THE PROBLEM
Using the entries that follow, state how many lines contain the word "norm". The response is that number and nothing more.

(PROVIDED DATA begins)

(* Let $\phi\in C_L(N)$ with $N\ge2$, let $h\in C_0^\infty$ be fixed, and set $\widetilde S_2(x)=\sum_{p\notin S_\phi}c_{\phi,2}(p)\log p\;h(xp^2)$. Then $\widetilde S_2(x)=O(x^{-1/2-\varepsilon})$ as $x\to0^+$ for every $\varepsilon>0$. Moreover, if $\sum_{p\le T,\,p\notin S_\phi}c_{\phi,2}(p)\log p=A_\phi T^{\mu}+O(T^{\nu+\varepsilon})$ for every $\varepsilon>0$ with constants $A_\phi,\mu\in\mathbb C$, $\nu>0$, $\mathrm{Re}(\mu)>\nu$, then for every $\varepsilon>0$, as $x\to0^+$, $$\widetilde S_2(x)=\mu A_\phi\int_0^\infty h(xu^2)u^{\mu}\frac{du}{u}+O(x^{-\nu/2-\varepsilon}).$$
   Context: $C_0^\infty$ is the space of smooth compactly supported $h:(0,\infty)\to\mathbb C$. The Selberg class $\mathcal S$ consists of functions $L(s)$ such that: (S1) $L(s)=\sum_{n\ge1}a(n)n^{-s}$ converges absolutely for $\mathrm{Re}(s)>1$; (S2) for some integer $m\ge0$, $(s-1)^mL(s)$ extends to an entire function of finite order; (S3) there are $Q>0$, $r\ge1$, $\lambda_j>0$, $\mu_j\in\mathbb C$ with $\mathrm{Re}(\mu_j)\ge0$ and $|\omega|=1$ such that $L^*(s):=Q^s\prod_{j=1}^r\Gamma(\lambda_js+\mu_j)L(s)$ satisfies $L^*(s)=\omega\overline{L^*(1-\bar s)}$; (S4) $a(n)\ll_\varepsilon n^{\varepsilon}$ for every $\varepsilon>0$; (S5) $\log L(s)=\sum_{n\ge1}b(n)n^{-s}$ where $b(n)=0$ unless $n$ is a prime power $p^m$, $m\ge1$, and $b(n)\ll n^{\theta}$ for some $\theta<1/2$. $L\in\mathcal S$ has a rank $N$ Euler product if $L(s)=\prod_pP_p(p^{-s})^{-1}$ with $P_p(X)=1-c_1(p)X-\dots-c_N(p)X^N$ and $c_N(p)\ne0$ for all but finitely many $p$; $S_L$ is the finite set of primes with $c_N(p)=0$. For $\phi:(0,\infty)\to\mathbb C$ put $L_\phi(s)=\sum_{n\ge1}\phi(n)n^{-s}$. $C_L(N)$ is the set of smooth $\phi:(0,\infty)\to\mathbb C$ with $|\phi(u)|\le Cu^2$ for some $C>0$ and all $u>0$, $L_\phi\in\mathcal S$, and $L_\phi$ having a rank $N$ Euler product; $c_{\phi,l}(p)$ is the coefficient $c_l(p)$ of $L_\phi$ and $S_\phi=S_{L_\phi}$. *)

theory Defs
  imports "HOL-Analysis.Analysis" "HOL-Library.Landau_Symbols"
begin

definition dirichlet_L :: "(nat \<Rightarrow> complex) \<Rightarrow> complex \<Rightarrow> complex" where
  "dirichlet_L a s = (\<Sum>n. a (Suc n) * of_nat (Suc n) powr (- s))"

definition finite_order :: "(complex \<Rightarrow> complex) \<Rightarrow> bool" where
  "finite_order F \<longleftrightarrow> (\<exists>\<rho> C. \<forall>s. norm (F s) \<le> C * exp (norm s powr \<rho>))"

text \<open>The continuation of L_a is F(s)/(s-1)^m; the functional equation of the
  meromorphic function L^* is required at every point where both sides are defined.\<close>
definition selberg_class :: "(nat \<Rightarrow> complex) \<Rightarrow> bool" where
  "selberg_class a \<longleftrightarrow>
    (\<forall>s. Re s > 1 \<longrightarrow> summable (\<lambda>n. norm (a (Suc n) * of_nat (Suc n) powr (- s)))) \<and>
    (\<exists>(m::nat) F. F holomorphic_on UNIV \<and> finite_order F \<and>
       (\<forall>s. Re s > 1 \<longrightarrow> F s = (s - 1) ^ m * dirichlet_L a s) \<and>
       (\<exists>(Q::real) (r::nat) (lam::nat \<Rightarrow> real) (mu::nat \<Rightarrow> complex) (\<omega>::complex).
          Q > 0 \<and> r \<ge> 1 \<and> (\<forall>j\<in>{1..r}. lam j > 0 \<and> Re (mu j) \<ge> 0) \<and> norm \<omega> = 1 \<and>
          (let Lstar = (\<lambda>s. of_real Q powr s * (\<Prod>j=1..r. Gamma (of_real (lam j) * s + mu j))
                              * (F s / (s - 1) ^ m))
           in \<forall>s. s \<noteq> 0 \<and> s \<noteq> 1 \<and>
                 (\<forall>j\<in>{1..r}. of_real (lam j) * s + mu j \<notin> \<int>\<^sub>\<le>\<^sub>0) \<and>
                 (\<forall>j\<in>{1..r}. of_real (lam j) * (1 - cnj s) + mu j \<notin> \<int>\<^sub>\<le>\<^sub>0) \<longrightarrow>
                 Lstar s = \<omega> * cnj (Lstar (1 - cnj s))))) \<and>
    (\<forall>\<epsilon>>0. \<exists>C. \<forall>n\<ge>1. norm (a n) \<le> C * real n powr \<epsilon>) \<and>
    (\<exists>b::nat \<Rightarrow> complex.
       (\<forall>n. b n \<noteq> 0 \<longrightarrow> (\<exists>p k. prime p \<and> k \<ge> 1 \<and> n = p ^ k)) \<and>
       (\<exists>\<theta>::real. \<theta> < 1/2 \<and> (\<exists>C. \<forall>n\<ge>1. norm (b n) \<le> C * real n powr \<theta>)) \<and>
       (\<forall>s. Re s > 1 \<longrightarrow> dirichlet_L a s = exp (\<Sum>n. b (Suc n) * of_nat (Suc n) powr (- s))))"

(PROVIDED DATA ends)

COMPLETED EXERCISE
5